TASK GOAL: The reply should contain each record below, returned exactly as given.

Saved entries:

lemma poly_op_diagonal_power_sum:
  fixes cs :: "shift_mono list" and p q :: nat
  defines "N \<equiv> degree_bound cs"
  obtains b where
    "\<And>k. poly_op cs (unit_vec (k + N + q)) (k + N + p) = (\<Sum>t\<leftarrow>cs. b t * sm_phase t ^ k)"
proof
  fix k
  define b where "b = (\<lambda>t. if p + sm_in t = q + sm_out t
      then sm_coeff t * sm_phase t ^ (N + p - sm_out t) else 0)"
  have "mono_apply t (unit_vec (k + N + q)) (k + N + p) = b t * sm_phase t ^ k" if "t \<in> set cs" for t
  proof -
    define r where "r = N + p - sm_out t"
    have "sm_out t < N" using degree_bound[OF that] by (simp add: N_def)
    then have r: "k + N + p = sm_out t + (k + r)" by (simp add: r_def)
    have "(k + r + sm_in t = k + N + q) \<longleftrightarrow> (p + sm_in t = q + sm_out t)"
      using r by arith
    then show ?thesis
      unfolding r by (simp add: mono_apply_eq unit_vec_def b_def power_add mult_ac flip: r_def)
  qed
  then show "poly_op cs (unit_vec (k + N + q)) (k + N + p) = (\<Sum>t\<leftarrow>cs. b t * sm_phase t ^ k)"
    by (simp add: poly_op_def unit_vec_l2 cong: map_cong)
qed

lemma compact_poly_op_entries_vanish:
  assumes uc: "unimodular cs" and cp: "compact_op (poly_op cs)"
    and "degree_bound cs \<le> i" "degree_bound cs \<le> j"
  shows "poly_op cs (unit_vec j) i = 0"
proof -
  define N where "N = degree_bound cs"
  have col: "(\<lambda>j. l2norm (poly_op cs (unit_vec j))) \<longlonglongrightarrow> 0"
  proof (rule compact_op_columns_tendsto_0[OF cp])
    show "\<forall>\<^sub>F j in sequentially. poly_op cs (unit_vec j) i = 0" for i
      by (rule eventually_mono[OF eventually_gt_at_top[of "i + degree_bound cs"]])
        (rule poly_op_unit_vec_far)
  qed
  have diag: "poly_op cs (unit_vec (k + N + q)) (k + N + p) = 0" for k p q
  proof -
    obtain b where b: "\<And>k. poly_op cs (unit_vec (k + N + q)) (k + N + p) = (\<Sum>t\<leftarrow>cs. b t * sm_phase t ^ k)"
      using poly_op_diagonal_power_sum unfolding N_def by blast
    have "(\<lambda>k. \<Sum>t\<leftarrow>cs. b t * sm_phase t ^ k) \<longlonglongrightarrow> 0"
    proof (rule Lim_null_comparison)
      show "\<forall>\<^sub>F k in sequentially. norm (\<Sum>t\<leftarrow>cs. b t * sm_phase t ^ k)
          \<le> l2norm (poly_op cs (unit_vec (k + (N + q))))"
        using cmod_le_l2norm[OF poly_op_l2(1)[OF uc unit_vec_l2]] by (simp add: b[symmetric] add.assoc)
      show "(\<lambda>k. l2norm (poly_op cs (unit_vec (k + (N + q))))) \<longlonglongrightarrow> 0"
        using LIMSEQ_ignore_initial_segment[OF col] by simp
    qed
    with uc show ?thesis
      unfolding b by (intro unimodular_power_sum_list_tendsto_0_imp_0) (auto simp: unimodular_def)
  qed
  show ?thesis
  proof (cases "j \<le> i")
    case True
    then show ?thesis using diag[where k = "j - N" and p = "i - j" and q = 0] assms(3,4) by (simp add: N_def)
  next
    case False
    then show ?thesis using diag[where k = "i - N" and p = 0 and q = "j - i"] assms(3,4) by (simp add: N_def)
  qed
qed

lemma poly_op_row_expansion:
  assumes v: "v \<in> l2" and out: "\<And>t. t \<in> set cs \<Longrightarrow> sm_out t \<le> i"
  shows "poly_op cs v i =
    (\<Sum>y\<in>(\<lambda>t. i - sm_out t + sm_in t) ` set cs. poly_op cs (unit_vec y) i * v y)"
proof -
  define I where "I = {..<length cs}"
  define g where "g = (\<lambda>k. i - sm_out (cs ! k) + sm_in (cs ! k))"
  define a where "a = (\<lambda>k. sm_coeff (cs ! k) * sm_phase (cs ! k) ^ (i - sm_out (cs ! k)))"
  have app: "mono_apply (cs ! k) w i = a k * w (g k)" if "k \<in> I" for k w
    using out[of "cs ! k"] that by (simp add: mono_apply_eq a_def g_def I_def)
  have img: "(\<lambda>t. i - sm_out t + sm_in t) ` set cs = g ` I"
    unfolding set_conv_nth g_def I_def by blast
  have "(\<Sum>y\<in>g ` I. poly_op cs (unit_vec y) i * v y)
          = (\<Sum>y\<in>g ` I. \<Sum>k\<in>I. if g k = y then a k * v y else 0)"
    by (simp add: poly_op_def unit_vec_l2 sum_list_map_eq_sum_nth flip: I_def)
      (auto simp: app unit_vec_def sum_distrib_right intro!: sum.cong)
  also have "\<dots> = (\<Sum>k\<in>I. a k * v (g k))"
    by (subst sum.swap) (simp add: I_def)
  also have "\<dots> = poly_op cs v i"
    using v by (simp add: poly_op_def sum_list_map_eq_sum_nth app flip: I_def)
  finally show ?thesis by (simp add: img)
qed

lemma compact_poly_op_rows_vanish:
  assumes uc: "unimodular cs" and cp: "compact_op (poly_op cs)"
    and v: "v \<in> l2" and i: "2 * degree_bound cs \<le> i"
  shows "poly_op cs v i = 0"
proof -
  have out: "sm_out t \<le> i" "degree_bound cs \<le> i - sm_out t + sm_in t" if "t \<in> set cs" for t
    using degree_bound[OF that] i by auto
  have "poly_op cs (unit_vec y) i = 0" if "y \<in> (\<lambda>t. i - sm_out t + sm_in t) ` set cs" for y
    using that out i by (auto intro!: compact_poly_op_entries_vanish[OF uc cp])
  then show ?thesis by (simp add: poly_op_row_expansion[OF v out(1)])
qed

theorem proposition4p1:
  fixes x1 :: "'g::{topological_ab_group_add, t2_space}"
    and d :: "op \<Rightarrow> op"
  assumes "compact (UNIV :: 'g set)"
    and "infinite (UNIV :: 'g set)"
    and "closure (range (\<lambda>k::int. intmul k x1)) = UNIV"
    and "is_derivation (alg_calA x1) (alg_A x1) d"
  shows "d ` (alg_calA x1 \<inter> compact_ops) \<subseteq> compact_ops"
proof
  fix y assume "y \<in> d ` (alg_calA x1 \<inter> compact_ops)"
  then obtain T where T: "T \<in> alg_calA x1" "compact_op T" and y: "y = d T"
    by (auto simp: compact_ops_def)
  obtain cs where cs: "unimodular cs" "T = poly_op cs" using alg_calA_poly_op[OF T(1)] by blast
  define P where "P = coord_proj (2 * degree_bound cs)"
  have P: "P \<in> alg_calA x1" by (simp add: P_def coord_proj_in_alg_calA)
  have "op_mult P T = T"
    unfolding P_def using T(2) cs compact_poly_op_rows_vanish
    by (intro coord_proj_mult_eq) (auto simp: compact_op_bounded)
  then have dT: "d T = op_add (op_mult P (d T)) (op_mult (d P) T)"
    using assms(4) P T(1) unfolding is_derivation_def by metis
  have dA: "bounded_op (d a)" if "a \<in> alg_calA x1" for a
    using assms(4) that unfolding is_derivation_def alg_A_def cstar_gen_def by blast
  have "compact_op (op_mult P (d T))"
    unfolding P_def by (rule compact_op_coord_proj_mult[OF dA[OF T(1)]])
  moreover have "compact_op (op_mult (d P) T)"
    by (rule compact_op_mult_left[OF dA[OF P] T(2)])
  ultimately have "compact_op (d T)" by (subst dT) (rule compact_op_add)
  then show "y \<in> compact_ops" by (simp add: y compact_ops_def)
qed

EXERCISE SOLUTION:
lemma poly_op_diagonal_power_sum:
  fixes cs :: "shift_mono list" and p q :: nat
  defines "N \<equiv> degree_bound cs"
  obtains b where
    "\<And>k. poly_op cs (unit_vec (k + N + q)) (k + N + p) = (\<Sum>t\<leftarrow>cs. b t * sm_phase t ^ k)"
proof
  fix k
  define b where "b = (\<lambda>t. if p + sm_in t = q + sm_out t
      then sm_coeff t * sm_phase t ^ (N + p - sm_out t) else 0)"
  have "mono_apply t (unit_vec (k + N + q)) (k + N + p) = b t * sm_phase t ^ k" if "t \<in> set cs" for t
  proof -
    define r where "r = N + p - sm_out t"
    have "sm_out t < N" using degree_bound[OF that] by (simp add: N_def)
    then have r: "k + N + p = sm_out t + (k + r)" by (simp add: r_def)
    have "(k + r + sm_in t = k + N + q) \<longleftrightarrow> (p + sm_in t = q + sm_out t)"
      using r by arith
    then show ?thesis
      unfolding r by (simp add: mono_apply_eq unit_vec_def b_def power_add mult_ac flip: r_def)
  qed
  then show "poly_op cs (unit_vec (k + N + q)) (k + N + p) = (\<Sum>t\<leftarrow>cs. b t * sm_phase t ^ k)"
    by (simp add: poly_op_def unit_vec_l2 cong: map_cong)
qed

lemma compact_poly_op_entries_vanish:
  assumes uc: "unimodular cs" and cp: "compact_op (poly_op cs)"
    and "degree_bound cs \<le> i" "degree_bound cs \<le> j"
  shows "poly_op cs (unit_vec j) i = 0"
proof -
  define N where "N = degree_bound cs"
  have col: "(\<lambda>j. l2norm (poly_op cs (unit_vec j))) \<longlonglongrightarrow> 0"
  proof (rule compact_op_columns_tendsto_0[OF cp])
    show "\<forall>\<^sub>F j in sequentially. poly_op cs (unit_vec j) i = 0" for i
      by (rule eventually_mono[OF eventually_gt_at_top[of "i + degree_bound cs"]])
        (rule poly_op_unit_vec_far)
  qed
  have diag: "poly_op cs (unit_vec (k + N + q)) (k + N + p) = 0" for k p q
  proof -
    obtain b where b: "\<And>k. poly_op cs (unit_vec (k + N + q)) (k + N + p) = (\<Sum>t\<leftarrow>cs. b t * sm_phase t ^ k)"
      using poly_op_diagonal_power_sum unfolding N_def by blast
    have "(\<lambda>k. \<Sum>t\<leftarrow>cs. b t * sm_phase t ^ k) \<longlonglongrightarrow> 0"
    proof (rule Lim_null_comparison)
      show "\<forall>\<^sub>F k in sequentially. norm (\<Sum>t\<leftarrow>cs. b t * sm_phase t ^ k)
          \<le> l2norm (poly_op cs (unit_vec (k + (N + q))))"
        using cmod_le_l2norm[OF poly_op_l2(1)[OF uc unit_vec_l2]] by (simp add: b[symmetric] add.assoc)
      show "(\<lambda>k. l2norm (poly_op cs (unit_vec (k + (N + q))))) \<longlonglongrightarrow> 0"
        using LIMSEQ_ignore_initial_segment[OF col] by simp
    qed
    with uc show ?thesis
      unfolding b by (intro unimodular_power_sum_list_tendsto_0_imp_0) (auto simp: unimodular_def)
  qed
  show ?thesis
  proof (cases "j \<le> i")
    case True
    then show ?thesis using diag[where k = "j - N" and p = "i - j" and q = 0] assms(3,4) by (simp add: N_def)
  next
    case False
    then show ?thesis using diag[where k = "i - N" and p = 0 and q = "j - i"] assms(3,4) by (simp add: N_def)
  qed
qed

lemma poly_op_row_expansion:
  assumes v: "v \<in> l2" and out: "\<And>t. t \<in> set cs \<Longrightarrow> sm_out t \<le> i"
  shows "poly_op cs v i =
    (\<Sum>y\<in>(\<lambda>t. i - sm_out t + sm_in t) ` set cs. poly_op cs (unit_vec y) i * v y)"
proof -
  define I where "I = {..<length cs}"
  define g where "g = (\<lambda>k. i - sm_out (cs ! k) + sm_in (cs ! k))"
  define a where "a = (\<lambda>k. sm_coeff (cs ! k) * sm_phase (cs ! k) ^ (i - sm_out (cs ! k)))"
  have app: "mono_apply (cs ! k) w i = a k * w (g k)" if "k \<in> I" for k w
    using out[of "cs ! k"] that by (simp add: mono_apply_eq a_def g_def I_def)
  have img: "(\<lambda>t. i - sm_out t + sm_in t) ` set cs = g ` I"
    unfolding set_conv_nth g_def I_def by blast
  have "(\<Sum>y\<in>g ` I. poly_op cs (unit_vec y) i * v y)
          = (\<Sum>y\<in>g ` I. \<Sum>k\<in>I. if g k = y then a k * v y else 0)"
    by (simp add: poly_op_def unit_vec_l2 sum_list_map_eq_sum_nth flip: I_def)
      (auto simp: app unit_vec_def sum_distrib_right intro!: sum.cong)
  also have "\<dots> = (\<Sum>k\<in>I. a k * v (g k))"
    by (subst sum.swap) (simp add: I_def)
  also have "\<dots> = poly_op cs v i"
    using v by (simp add: poly_op_def sum_list_map_eq_sum_nth app flip: I_def)
  finally show ?thesis by (simp add: img)
qed

lemma compact_poly_op_rows_vanish:
  assumes uc: "unimodular cs" and cp: "compact_op (poly_op cs)"
    and v: "v \<in> l2" and i: "2 * degree_bound cs \<le> i"
  shows "poly_op cs v i = 0"
proof -
  have out: "sm_out t \<le> i" "degree_bound cs \<le> i - sm_out t + sm_in t" if "t \<in> set cs" for t
    using degree_bound[OF that] i by auto
  have "poly_op cs (unit_vec y) i = 0" if "y \<in> (\<lambda>t. i - sm_out t + sm_in t) ` set cs" for y
    using that out i by (auto intro!: compact_poly_op_entries_vanish[OF uc cp])
  then show ?thesis by (simp add: poly_op_row_expansion[OF v out(1)])
qed

theorem proposition4p1:
  fixes x1 :: "'g::{topological_ab_group_add, t2_space}"
    and d :: "op \<Rightarrow> op"
  assumes "compact (UNIV :: 'g set)"
    and "infinite (UNIV :: 'g set)"
    and "closure (range (\<lambda>k::int. intmul k x1)) = UNIV"
    and "is_derivation (alg_calA x1) (alg_A x1) d"
  shows "d ` (alg_calA x1 \<inter> compact_ops) \<subseteq> compact_ops"
proof
  fix y assume "y \<in> d ` (alg_calA x1 \<inter> compact_ops)"
  then obtain T where T: "T \<in> alg_calA x1" "compact_op T" and y: "y = d T"
    by (auto simp: compact_ops_def)
  obtain cs where cs: "unimodular cs" "T = poly_op cs" using alg_calA_poly_op[OF T(1)] by blast
  define P where "P = coord_proj (2 * degree_bound cs)"
  have P: "P \<in> alg_calA x1" by (simp add: P_def coord_proj_in_alg_calA)
  have "op_mult P T = T"
    unfolding P_def using T(2) cs compact_poly_op_rows_vanish
    by (intro coord_proj_mult_eq) (auto simp: compact_op_bounded)
  then have dT: "d T = op_add (op_mult P (d T)) (op_mult (d P) T)"
    using assms(4) P T(1) unfolding is_derivation_def by metis
  have dA: "bounded_op (d a)" if "a \<in> alg_calA x1" for a
    using assms(4) that unfolding is_derivation_def alg_A_def cstar_gen_def by blast
  have "compact_op (op_mult P (d T))"
    unfolding P_def by (rule compact_op_coord_proj_mult[OF dA[OF T(1)]])
  moreover have "compact_op (op_mult (d P) T)"
    by (rule compact_op_mult_left[OF dA[OF P] T(2)])
  ultimately have "compact_op (d T)" by (subst dT) (rule compact_op_add)
  then show "y \<in> compact_ops" by (simp add: y compact_ops_def)
qed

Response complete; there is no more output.